## EXERCISE DIRECTIONS
Set down exactly the lines in the records below that run from the line with "real (card A2)" to the line with "A3 - d\<bar>", inclusive, and nothing more.

[DATA EXCERPTS]

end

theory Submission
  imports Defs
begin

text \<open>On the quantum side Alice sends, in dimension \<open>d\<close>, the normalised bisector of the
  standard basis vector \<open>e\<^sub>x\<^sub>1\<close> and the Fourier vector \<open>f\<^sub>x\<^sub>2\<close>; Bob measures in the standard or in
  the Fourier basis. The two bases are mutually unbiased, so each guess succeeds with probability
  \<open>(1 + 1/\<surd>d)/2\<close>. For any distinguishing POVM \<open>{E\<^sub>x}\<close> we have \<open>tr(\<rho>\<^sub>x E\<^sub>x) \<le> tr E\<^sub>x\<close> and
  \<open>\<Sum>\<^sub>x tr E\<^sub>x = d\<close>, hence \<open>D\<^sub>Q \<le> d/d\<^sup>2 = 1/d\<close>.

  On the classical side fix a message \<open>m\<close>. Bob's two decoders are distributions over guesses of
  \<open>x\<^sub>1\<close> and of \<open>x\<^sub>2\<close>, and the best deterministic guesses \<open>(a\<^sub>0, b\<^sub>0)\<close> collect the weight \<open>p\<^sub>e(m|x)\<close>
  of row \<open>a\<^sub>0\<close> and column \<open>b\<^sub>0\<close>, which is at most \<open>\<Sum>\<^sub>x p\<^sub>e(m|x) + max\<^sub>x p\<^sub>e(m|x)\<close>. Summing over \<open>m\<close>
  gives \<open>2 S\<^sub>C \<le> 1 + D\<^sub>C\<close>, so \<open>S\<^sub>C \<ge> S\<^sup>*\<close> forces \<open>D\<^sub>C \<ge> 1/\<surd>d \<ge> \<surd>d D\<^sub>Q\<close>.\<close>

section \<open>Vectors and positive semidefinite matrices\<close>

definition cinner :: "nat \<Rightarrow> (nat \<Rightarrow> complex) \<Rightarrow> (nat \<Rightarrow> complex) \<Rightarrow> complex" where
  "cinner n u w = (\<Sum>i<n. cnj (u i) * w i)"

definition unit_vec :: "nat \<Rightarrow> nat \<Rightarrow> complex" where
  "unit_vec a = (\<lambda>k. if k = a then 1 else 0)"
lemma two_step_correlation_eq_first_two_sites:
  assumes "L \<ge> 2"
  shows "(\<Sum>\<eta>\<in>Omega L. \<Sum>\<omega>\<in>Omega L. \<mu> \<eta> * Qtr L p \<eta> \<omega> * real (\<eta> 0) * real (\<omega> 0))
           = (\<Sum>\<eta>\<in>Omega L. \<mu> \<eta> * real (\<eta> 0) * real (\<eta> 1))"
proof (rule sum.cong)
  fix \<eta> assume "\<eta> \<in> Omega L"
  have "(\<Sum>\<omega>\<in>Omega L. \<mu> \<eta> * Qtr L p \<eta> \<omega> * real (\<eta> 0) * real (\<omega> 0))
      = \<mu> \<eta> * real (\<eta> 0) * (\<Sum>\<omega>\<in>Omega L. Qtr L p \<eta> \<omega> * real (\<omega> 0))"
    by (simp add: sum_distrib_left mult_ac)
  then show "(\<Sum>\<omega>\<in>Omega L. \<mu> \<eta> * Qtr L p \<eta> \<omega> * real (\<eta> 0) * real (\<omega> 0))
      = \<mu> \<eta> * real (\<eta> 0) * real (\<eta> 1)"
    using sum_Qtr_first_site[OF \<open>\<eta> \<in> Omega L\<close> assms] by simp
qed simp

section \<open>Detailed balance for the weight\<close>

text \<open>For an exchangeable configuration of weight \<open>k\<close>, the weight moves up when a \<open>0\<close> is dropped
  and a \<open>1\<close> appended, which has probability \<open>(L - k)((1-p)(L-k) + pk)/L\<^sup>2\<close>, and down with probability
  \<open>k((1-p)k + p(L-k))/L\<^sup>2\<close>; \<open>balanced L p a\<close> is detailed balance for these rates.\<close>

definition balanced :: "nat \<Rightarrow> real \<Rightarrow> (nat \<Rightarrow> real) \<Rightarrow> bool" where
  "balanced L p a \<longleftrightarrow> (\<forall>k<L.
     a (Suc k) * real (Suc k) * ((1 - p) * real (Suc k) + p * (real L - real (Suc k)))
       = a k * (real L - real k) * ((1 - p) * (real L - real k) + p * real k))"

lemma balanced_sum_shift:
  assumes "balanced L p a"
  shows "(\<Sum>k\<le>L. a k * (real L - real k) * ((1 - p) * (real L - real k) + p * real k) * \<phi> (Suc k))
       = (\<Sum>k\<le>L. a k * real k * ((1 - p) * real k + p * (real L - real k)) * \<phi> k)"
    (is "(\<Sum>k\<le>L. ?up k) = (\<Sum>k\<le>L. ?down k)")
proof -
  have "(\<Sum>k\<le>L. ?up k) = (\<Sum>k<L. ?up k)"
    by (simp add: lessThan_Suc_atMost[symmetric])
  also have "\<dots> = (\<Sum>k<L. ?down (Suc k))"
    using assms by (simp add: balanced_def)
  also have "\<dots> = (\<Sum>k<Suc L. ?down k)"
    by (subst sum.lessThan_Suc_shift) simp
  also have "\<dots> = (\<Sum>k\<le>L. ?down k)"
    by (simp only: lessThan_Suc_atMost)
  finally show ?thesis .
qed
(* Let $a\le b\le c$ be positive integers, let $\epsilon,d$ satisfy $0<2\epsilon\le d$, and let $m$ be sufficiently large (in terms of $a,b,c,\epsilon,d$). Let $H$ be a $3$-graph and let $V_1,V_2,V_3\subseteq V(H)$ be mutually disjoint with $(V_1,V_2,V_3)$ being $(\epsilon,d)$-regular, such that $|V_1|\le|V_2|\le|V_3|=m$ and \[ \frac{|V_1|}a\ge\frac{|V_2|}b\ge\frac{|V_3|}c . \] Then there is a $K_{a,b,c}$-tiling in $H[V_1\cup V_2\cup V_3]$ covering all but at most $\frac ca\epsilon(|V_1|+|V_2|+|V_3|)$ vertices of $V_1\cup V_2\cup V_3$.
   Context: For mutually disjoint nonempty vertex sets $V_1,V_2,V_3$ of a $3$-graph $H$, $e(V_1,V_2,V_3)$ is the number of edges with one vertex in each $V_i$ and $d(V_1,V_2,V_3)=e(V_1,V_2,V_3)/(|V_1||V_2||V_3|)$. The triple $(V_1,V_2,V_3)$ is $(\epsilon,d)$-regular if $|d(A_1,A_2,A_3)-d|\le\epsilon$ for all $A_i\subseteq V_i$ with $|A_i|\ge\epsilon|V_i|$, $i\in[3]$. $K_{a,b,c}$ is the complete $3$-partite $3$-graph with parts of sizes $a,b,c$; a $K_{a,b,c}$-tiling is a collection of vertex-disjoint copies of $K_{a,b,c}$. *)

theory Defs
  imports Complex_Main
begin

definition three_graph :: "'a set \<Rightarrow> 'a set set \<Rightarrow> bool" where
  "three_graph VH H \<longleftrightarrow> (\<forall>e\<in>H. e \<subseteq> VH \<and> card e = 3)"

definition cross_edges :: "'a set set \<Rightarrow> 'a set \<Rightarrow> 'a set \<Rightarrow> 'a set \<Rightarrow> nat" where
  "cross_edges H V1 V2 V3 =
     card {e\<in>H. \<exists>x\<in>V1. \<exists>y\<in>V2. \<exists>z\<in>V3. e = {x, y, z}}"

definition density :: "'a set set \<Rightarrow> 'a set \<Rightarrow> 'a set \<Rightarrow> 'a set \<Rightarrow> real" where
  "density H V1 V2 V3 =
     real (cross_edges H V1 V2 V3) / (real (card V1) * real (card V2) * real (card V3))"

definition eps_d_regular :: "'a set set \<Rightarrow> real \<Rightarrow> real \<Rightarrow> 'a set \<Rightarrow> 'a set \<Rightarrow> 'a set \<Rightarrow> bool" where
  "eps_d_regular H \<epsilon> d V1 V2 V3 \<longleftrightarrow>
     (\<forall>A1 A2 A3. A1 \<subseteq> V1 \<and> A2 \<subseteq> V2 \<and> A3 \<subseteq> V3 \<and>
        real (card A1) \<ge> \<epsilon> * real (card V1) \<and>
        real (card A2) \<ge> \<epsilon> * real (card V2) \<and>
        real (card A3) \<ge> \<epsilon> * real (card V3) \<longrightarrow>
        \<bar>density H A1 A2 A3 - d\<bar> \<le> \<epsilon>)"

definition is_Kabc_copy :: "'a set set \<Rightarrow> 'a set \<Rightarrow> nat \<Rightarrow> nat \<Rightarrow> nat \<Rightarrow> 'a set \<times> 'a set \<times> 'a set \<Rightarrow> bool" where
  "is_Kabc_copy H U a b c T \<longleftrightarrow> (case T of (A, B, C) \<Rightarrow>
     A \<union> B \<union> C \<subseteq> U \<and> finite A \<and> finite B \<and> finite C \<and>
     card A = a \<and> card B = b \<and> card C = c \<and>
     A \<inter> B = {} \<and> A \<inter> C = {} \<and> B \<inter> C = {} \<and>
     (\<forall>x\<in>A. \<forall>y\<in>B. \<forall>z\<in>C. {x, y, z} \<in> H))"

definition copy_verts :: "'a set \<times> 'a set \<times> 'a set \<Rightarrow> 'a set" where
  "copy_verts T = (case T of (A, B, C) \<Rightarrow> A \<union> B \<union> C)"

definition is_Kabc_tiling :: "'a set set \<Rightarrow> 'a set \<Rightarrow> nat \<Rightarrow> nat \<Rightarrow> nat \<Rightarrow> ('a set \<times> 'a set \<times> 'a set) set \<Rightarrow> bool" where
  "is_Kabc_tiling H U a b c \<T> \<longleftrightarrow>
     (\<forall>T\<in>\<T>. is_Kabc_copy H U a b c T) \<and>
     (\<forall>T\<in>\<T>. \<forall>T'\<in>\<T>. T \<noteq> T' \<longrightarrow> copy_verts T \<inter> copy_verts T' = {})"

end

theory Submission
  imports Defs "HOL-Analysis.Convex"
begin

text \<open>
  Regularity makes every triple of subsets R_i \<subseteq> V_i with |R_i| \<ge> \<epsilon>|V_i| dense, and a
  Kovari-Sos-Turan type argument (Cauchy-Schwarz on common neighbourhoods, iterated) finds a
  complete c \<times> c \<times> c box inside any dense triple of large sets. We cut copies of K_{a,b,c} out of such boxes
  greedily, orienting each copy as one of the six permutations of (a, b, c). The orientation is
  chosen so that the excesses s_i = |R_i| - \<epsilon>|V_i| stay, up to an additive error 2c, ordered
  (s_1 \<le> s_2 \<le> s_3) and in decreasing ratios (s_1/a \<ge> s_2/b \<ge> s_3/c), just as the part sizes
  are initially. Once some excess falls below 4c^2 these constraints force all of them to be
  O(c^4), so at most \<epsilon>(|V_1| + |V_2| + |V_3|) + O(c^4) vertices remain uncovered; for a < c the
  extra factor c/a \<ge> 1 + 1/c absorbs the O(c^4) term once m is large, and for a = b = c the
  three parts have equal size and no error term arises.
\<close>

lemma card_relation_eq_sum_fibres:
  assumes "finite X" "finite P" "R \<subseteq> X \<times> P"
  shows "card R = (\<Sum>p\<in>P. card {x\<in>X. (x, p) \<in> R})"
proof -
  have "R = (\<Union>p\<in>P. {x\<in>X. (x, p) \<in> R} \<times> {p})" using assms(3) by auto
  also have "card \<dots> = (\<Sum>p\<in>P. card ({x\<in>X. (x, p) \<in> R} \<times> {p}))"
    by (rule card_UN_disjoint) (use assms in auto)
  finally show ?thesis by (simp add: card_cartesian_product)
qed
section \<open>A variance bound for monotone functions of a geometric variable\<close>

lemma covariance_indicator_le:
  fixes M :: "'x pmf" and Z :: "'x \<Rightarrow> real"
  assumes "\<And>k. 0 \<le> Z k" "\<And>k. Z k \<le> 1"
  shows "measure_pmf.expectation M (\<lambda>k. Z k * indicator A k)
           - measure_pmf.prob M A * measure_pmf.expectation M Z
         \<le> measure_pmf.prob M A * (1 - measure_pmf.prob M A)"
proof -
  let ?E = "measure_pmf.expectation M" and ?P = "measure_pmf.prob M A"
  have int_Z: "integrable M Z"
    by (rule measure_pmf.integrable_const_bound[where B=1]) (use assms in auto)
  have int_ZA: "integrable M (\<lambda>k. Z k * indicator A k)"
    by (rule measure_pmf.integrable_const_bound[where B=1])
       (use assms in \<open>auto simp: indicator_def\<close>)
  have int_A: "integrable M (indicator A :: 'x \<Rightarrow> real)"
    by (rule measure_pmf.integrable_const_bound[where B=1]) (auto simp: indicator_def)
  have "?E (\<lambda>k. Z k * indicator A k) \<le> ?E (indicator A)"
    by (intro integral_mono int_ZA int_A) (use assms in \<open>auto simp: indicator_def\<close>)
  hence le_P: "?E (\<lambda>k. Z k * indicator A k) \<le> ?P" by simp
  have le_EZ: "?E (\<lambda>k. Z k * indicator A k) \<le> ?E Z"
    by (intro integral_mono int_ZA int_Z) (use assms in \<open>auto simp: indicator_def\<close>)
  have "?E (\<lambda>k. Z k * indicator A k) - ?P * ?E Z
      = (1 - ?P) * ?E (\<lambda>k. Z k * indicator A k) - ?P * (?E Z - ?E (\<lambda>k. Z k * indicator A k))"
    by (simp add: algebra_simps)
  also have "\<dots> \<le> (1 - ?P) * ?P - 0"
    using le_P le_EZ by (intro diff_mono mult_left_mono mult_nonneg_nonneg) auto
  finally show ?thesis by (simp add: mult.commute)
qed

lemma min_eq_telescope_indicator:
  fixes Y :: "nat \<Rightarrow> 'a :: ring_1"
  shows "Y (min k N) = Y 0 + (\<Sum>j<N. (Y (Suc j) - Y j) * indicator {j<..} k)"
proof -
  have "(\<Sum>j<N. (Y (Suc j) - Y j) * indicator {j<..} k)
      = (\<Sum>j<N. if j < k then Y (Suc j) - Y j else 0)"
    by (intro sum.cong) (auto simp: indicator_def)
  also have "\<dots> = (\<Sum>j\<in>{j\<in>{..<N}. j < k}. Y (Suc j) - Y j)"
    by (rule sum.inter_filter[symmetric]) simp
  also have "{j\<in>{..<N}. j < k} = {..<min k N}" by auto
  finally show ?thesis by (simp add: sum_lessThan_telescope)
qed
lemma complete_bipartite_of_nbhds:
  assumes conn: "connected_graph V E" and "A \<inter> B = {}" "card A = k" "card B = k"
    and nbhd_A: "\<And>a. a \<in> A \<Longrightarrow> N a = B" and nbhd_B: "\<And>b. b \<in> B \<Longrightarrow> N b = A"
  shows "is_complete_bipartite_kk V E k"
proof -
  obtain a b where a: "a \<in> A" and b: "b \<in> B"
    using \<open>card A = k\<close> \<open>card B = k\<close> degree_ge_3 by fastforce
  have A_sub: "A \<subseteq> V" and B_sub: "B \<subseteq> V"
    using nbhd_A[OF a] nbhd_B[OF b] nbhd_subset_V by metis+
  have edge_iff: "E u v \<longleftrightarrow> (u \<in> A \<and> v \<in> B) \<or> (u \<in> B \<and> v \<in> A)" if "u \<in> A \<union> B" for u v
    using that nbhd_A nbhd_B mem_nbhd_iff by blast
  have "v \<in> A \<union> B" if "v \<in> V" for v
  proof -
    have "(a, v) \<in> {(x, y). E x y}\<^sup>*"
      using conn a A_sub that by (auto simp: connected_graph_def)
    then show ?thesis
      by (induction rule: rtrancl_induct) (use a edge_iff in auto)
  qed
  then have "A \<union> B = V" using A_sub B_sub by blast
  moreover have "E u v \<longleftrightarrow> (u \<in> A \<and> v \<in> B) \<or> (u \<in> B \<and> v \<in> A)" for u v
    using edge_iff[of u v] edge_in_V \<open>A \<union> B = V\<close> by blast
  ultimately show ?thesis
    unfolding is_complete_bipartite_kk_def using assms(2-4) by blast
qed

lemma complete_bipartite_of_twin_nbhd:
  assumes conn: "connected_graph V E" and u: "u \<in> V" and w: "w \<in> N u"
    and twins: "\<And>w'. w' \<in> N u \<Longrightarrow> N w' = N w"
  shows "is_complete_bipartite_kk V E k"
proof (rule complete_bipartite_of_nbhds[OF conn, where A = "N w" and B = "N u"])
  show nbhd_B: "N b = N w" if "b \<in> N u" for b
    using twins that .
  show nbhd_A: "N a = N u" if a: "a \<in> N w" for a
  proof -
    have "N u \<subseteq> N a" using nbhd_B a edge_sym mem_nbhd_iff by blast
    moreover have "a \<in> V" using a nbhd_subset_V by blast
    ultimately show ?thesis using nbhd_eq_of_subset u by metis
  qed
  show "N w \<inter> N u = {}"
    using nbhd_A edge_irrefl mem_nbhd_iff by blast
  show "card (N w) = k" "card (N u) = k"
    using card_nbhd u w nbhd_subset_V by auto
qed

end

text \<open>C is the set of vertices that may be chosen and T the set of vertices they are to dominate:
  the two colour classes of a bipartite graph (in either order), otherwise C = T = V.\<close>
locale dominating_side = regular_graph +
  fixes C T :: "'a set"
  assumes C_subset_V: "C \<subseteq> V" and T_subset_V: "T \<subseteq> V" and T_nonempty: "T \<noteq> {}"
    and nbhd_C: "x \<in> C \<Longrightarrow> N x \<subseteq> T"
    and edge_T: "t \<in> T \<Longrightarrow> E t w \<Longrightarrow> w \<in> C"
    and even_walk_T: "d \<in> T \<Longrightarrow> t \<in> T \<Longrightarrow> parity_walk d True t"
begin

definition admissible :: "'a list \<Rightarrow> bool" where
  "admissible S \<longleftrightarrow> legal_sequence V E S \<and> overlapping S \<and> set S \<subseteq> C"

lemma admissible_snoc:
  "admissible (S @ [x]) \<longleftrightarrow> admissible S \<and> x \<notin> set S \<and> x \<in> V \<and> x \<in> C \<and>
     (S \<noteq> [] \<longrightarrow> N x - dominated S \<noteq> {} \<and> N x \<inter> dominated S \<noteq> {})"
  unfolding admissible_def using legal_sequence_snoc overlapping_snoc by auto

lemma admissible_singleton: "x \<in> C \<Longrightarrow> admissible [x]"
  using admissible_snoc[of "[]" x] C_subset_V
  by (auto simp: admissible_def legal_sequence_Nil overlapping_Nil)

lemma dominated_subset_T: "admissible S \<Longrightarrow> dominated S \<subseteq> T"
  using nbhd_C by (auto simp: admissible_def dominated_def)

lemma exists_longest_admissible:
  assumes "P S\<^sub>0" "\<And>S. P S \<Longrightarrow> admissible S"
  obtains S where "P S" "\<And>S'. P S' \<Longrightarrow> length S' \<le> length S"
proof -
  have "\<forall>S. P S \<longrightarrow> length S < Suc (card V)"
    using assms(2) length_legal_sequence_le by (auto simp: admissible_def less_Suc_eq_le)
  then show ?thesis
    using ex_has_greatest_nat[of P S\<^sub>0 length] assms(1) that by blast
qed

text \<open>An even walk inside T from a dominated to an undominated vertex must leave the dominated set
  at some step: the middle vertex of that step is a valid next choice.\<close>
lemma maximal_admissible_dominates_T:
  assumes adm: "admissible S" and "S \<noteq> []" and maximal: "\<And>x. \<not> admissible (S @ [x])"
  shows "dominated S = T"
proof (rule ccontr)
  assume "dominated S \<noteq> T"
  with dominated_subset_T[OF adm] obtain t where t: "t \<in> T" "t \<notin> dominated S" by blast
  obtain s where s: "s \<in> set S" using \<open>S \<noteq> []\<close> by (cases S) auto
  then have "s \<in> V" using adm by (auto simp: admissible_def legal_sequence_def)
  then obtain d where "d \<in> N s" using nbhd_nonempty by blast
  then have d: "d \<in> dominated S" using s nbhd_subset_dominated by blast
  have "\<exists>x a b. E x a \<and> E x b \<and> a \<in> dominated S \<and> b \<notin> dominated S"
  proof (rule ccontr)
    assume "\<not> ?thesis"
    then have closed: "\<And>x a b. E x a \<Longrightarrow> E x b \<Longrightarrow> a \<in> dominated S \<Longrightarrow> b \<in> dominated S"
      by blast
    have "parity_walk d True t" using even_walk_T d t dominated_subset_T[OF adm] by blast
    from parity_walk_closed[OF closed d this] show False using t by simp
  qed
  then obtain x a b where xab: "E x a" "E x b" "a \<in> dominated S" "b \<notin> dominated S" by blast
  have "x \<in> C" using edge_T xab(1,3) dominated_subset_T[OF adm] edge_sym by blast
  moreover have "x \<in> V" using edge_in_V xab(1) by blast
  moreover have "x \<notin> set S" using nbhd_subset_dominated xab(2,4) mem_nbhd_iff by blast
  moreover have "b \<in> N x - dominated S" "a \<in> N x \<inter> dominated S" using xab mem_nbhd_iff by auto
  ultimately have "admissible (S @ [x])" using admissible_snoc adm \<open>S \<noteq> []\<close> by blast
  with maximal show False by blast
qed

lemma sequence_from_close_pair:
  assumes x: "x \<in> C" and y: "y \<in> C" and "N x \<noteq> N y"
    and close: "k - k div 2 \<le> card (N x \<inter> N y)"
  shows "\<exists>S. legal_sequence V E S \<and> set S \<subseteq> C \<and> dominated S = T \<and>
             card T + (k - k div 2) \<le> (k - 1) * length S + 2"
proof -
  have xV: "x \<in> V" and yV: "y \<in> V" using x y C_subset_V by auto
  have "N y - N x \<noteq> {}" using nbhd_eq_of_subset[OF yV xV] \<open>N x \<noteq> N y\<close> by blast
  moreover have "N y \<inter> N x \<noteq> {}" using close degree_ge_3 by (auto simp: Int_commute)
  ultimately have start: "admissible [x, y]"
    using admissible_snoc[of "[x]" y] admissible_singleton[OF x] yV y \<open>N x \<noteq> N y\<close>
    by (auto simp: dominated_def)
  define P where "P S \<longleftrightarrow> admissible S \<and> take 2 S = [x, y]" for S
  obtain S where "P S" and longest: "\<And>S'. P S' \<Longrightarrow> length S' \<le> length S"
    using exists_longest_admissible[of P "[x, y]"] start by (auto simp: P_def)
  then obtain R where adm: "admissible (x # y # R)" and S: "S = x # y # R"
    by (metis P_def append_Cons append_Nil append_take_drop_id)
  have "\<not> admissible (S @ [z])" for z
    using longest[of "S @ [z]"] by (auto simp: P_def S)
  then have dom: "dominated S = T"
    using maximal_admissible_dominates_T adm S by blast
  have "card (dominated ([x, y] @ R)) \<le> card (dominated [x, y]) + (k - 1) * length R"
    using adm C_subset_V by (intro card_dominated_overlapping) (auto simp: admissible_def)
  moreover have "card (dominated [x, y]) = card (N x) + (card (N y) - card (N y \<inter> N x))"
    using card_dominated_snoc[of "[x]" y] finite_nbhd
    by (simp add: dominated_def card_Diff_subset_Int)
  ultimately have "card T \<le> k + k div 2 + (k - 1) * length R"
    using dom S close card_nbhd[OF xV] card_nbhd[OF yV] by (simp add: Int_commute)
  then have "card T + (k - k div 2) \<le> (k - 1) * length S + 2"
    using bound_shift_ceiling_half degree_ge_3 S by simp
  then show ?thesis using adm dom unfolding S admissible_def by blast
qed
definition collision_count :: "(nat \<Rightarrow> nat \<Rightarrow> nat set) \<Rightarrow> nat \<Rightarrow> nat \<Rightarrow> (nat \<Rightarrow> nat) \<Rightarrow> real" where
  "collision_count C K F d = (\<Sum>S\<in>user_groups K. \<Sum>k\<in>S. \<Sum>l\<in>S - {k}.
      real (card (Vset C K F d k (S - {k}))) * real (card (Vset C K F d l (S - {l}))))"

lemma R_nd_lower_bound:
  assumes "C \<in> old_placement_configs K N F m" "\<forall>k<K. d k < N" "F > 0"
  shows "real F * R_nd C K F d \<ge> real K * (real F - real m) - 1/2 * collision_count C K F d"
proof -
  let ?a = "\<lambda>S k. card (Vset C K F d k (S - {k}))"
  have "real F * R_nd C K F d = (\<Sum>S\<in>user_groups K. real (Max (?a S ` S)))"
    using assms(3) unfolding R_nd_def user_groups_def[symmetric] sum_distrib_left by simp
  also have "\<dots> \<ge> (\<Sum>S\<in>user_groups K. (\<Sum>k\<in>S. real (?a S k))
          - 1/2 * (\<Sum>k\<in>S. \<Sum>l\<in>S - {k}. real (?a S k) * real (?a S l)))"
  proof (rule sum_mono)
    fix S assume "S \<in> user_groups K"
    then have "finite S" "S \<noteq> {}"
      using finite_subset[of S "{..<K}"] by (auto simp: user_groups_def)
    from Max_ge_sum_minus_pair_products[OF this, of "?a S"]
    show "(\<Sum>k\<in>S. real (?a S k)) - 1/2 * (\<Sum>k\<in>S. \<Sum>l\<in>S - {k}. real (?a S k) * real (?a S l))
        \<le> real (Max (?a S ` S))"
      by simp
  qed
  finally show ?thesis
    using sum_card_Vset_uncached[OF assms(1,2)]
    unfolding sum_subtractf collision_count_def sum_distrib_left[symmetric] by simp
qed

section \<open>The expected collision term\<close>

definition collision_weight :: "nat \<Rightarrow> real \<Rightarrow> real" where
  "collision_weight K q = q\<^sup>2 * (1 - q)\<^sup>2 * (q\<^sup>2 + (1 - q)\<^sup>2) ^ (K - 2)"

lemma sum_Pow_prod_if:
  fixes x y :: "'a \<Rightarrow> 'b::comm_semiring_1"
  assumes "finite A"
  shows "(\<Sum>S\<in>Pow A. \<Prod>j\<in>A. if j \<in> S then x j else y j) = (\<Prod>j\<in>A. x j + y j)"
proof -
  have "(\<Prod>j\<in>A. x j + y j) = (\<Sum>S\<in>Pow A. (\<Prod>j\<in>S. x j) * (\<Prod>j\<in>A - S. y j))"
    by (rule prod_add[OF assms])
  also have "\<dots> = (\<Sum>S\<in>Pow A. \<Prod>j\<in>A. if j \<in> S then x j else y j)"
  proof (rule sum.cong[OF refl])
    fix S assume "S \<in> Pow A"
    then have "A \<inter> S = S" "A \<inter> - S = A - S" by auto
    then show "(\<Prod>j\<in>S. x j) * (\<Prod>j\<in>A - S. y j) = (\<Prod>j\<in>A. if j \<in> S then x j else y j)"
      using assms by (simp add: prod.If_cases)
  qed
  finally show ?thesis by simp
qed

[/DATA EXCERPTS]

## EXPECTED ANSWER
        real (card A2) \<ge> \<epsilon> * real (card V2) \<and>
        real (card A3) \<ge> \<epsilon> * real (card V3) \<longrightarrow>
        \<bar>density H A1 A2 A3 - d\<bar> \<le> \<epsilon>)"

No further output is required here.